(Extracted data entries)
"""

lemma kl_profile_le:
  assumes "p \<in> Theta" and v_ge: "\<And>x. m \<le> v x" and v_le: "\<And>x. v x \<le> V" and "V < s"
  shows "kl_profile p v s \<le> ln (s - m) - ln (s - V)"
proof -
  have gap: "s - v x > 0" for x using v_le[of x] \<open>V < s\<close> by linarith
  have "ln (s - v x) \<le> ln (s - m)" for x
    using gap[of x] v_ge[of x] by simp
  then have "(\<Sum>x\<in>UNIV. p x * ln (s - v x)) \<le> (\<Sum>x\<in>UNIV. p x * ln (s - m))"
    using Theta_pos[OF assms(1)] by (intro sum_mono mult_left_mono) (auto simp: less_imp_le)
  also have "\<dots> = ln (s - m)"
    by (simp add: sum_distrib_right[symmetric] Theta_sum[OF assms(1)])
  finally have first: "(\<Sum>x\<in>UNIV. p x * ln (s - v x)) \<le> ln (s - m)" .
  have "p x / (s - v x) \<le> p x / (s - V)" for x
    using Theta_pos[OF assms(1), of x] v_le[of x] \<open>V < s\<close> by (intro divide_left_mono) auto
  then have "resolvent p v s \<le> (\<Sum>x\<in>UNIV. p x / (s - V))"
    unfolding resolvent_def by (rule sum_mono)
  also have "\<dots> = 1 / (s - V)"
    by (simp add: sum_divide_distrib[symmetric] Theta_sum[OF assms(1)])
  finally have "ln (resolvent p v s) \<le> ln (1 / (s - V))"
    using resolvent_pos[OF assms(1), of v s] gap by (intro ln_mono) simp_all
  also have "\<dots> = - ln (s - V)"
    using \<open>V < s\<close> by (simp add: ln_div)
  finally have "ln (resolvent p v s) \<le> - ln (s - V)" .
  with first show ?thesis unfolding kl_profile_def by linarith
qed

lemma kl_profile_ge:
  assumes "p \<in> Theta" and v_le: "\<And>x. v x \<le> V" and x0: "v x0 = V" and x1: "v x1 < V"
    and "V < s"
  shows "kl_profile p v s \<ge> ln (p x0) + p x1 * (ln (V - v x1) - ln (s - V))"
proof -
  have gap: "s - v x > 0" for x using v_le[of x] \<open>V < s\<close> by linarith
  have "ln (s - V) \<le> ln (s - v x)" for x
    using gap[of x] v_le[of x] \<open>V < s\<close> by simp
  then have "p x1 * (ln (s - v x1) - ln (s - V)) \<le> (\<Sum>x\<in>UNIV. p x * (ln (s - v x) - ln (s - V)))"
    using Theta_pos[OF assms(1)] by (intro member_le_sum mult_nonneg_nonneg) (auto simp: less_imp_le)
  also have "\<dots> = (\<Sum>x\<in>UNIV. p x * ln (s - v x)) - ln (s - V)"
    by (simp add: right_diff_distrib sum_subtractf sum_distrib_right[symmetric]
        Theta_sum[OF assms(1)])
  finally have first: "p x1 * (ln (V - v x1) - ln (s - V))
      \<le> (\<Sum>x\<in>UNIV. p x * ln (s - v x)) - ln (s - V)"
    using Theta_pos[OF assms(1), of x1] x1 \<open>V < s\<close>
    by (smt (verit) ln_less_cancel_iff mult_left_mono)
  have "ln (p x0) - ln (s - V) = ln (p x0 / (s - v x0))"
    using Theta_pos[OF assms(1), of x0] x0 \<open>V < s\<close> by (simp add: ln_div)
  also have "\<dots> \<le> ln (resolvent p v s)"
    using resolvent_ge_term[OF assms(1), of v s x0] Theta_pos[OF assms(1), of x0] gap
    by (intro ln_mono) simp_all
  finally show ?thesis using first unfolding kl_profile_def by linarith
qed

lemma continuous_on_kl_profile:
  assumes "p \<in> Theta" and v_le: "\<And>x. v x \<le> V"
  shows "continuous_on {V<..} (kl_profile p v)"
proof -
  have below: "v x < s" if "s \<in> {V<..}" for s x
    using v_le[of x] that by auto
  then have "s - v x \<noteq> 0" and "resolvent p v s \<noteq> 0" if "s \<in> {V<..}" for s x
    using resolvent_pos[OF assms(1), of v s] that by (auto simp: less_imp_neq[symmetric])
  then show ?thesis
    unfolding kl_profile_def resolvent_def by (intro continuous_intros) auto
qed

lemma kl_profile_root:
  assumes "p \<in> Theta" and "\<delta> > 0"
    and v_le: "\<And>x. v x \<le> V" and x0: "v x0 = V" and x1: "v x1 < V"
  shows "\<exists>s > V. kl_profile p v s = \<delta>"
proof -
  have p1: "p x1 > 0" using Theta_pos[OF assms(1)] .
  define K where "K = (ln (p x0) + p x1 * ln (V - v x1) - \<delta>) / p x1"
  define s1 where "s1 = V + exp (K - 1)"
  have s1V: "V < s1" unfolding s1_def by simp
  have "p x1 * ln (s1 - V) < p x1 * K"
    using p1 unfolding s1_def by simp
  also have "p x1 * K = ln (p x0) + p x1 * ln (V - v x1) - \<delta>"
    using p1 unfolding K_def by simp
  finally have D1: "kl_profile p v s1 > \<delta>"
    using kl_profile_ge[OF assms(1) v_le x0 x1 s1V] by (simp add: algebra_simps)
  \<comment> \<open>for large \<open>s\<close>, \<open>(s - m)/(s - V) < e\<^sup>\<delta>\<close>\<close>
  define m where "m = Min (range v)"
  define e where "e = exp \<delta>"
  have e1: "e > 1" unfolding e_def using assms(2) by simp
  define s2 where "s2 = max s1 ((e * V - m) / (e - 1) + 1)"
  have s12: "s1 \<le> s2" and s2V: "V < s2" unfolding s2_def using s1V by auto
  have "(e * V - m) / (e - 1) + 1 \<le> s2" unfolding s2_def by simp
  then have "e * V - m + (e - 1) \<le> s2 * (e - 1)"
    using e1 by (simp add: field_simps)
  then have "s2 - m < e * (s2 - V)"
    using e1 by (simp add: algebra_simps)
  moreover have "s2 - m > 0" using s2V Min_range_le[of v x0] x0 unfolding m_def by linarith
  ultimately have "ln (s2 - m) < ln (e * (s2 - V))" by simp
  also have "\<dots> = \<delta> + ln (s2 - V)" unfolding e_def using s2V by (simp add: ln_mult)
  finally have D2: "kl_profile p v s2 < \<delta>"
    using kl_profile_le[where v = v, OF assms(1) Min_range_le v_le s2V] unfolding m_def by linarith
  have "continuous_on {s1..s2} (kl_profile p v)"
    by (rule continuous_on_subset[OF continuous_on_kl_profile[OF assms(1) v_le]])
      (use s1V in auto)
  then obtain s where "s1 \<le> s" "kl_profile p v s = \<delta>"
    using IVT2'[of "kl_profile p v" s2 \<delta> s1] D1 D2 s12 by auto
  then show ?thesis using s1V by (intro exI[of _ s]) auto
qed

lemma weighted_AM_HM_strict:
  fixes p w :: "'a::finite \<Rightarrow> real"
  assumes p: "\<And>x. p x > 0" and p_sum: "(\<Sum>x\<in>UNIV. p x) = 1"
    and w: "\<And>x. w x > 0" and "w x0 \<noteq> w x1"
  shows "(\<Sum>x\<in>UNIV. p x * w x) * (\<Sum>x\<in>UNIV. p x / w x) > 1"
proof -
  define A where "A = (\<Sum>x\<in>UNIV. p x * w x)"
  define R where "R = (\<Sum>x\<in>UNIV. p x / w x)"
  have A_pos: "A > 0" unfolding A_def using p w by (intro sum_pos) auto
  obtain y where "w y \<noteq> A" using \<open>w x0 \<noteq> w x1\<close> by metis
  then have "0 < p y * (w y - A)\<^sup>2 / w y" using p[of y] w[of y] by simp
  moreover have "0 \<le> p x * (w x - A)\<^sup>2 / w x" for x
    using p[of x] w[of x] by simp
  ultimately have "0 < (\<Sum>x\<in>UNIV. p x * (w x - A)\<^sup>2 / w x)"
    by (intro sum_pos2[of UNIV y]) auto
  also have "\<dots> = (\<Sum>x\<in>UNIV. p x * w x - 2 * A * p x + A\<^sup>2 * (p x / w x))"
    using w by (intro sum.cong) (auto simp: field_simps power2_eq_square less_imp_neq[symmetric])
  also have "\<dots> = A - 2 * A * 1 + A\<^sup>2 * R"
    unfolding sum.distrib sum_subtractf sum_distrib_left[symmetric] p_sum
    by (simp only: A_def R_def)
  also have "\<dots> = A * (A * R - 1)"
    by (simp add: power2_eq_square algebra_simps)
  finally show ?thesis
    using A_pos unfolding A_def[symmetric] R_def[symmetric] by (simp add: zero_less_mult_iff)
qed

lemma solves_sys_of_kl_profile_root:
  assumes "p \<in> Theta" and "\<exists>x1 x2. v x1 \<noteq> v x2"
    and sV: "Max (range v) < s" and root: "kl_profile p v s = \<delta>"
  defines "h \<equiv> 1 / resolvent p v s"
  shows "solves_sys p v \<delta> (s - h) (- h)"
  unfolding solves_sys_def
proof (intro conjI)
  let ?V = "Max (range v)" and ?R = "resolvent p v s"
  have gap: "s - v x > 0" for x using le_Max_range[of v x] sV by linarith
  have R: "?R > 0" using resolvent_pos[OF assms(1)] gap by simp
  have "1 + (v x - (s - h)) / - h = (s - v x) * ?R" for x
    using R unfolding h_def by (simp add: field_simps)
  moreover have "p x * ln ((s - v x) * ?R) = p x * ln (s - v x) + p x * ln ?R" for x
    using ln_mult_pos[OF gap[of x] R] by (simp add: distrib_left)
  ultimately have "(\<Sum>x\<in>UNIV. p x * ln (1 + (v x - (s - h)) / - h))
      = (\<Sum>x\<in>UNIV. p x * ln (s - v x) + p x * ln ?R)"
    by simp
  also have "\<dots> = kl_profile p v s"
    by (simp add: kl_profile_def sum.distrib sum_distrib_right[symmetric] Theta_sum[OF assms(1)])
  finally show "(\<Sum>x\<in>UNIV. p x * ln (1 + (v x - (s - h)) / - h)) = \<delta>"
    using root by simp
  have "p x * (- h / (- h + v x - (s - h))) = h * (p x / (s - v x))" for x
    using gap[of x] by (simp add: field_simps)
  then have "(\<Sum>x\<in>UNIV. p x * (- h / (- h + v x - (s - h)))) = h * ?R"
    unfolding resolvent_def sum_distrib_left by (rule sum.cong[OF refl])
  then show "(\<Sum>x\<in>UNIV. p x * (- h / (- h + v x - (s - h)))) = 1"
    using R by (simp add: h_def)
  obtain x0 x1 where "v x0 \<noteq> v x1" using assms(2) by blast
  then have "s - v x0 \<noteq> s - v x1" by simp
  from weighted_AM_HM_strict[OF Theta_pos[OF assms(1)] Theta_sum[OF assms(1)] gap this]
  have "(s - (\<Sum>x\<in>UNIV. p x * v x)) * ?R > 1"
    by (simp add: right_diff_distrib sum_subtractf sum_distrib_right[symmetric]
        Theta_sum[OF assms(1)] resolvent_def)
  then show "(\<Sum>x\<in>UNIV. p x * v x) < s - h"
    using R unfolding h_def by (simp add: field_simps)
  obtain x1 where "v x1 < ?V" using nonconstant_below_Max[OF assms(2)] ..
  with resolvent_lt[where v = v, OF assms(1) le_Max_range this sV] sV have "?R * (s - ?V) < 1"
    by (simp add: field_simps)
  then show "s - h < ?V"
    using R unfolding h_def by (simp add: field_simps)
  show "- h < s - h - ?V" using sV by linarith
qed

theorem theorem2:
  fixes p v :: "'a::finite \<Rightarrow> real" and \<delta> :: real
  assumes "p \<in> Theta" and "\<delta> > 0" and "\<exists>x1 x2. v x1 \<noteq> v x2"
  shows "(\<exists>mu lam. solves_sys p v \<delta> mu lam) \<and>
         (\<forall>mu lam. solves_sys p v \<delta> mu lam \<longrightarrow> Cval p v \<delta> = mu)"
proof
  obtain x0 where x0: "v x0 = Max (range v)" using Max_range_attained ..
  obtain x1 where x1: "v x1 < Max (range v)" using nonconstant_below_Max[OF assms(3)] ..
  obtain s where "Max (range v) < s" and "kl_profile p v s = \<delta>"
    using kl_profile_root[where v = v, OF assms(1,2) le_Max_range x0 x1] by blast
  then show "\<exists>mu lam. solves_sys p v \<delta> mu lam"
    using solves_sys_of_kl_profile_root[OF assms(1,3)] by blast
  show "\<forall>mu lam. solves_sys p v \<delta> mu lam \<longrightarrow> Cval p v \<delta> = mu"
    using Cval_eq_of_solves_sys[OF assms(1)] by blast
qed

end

"""
"""

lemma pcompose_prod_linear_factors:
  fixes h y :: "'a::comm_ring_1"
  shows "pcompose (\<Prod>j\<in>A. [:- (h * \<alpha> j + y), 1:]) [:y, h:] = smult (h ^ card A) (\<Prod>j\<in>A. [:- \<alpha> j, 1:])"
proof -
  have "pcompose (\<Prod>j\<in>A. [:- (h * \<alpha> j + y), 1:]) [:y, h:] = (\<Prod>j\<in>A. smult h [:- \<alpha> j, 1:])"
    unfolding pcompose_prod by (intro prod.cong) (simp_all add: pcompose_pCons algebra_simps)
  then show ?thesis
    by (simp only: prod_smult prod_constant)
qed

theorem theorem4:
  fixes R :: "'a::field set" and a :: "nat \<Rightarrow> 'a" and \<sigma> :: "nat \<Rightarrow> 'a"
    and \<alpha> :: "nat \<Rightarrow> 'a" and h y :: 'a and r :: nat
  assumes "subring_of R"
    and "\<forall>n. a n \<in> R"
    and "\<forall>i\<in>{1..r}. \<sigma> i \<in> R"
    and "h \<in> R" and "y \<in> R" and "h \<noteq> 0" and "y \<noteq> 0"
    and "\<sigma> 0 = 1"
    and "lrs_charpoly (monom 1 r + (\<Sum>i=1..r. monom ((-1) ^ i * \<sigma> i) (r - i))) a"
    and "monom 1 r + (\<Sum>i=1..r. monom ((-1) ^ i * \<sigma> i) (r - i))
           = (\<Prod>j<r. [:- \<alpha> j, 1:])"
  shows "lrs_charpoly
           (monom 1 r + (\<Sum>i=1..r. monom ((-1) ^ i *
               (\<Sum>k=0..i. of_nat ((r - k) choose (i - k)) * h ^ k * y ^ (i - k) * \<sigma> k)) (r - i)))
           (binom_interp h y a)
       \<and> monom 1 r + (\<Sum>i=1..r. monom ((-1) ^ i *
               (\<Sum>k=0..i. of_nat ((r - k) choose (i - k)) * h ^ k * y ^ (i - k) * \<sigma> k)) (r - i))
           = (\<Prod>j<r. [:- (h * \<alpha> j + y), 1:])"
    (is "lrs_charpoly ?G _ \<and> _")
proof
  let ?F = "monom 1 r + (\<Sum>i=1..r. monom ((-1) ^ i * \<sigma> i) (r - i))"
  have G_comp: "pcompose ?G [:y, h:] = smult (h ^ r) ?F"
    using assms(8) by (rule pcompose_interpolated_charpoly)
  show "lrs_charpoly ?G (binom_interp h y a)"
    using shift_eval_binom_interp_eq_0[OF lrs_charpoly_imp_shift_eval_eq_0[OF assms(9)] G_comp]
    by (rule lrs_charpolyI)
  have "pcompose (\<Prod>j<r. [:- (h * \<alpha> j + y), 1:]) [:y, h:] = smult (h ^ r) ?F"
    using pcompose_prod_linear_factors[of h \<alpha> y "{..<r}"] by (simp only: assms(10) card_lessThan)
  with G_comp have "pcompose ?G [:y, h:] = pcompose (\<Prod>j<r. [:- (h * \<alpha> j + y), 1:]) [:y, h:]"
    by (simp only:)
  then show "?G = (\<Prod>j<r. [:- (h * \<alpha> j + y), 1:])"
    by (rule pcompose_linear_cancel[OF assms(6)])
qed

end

"""

__EXERCISE PROMPT__
Go through the entries and report every line with the string "fixes".

__WRITTEN ANSWER__
  fixes p w :: "'a::finite \<Rightarrow> real"
  fixes p v :: "'a::finite \<Rightarrow> real" and \<delta> :: real
  fixes h y :: "'a::comm_ring_1"
  fixes R :: "'a::field set" and a :: "nat \<Rightarrow> 'a" and \<sigma> :: "nat \<Rightarrow> 'a"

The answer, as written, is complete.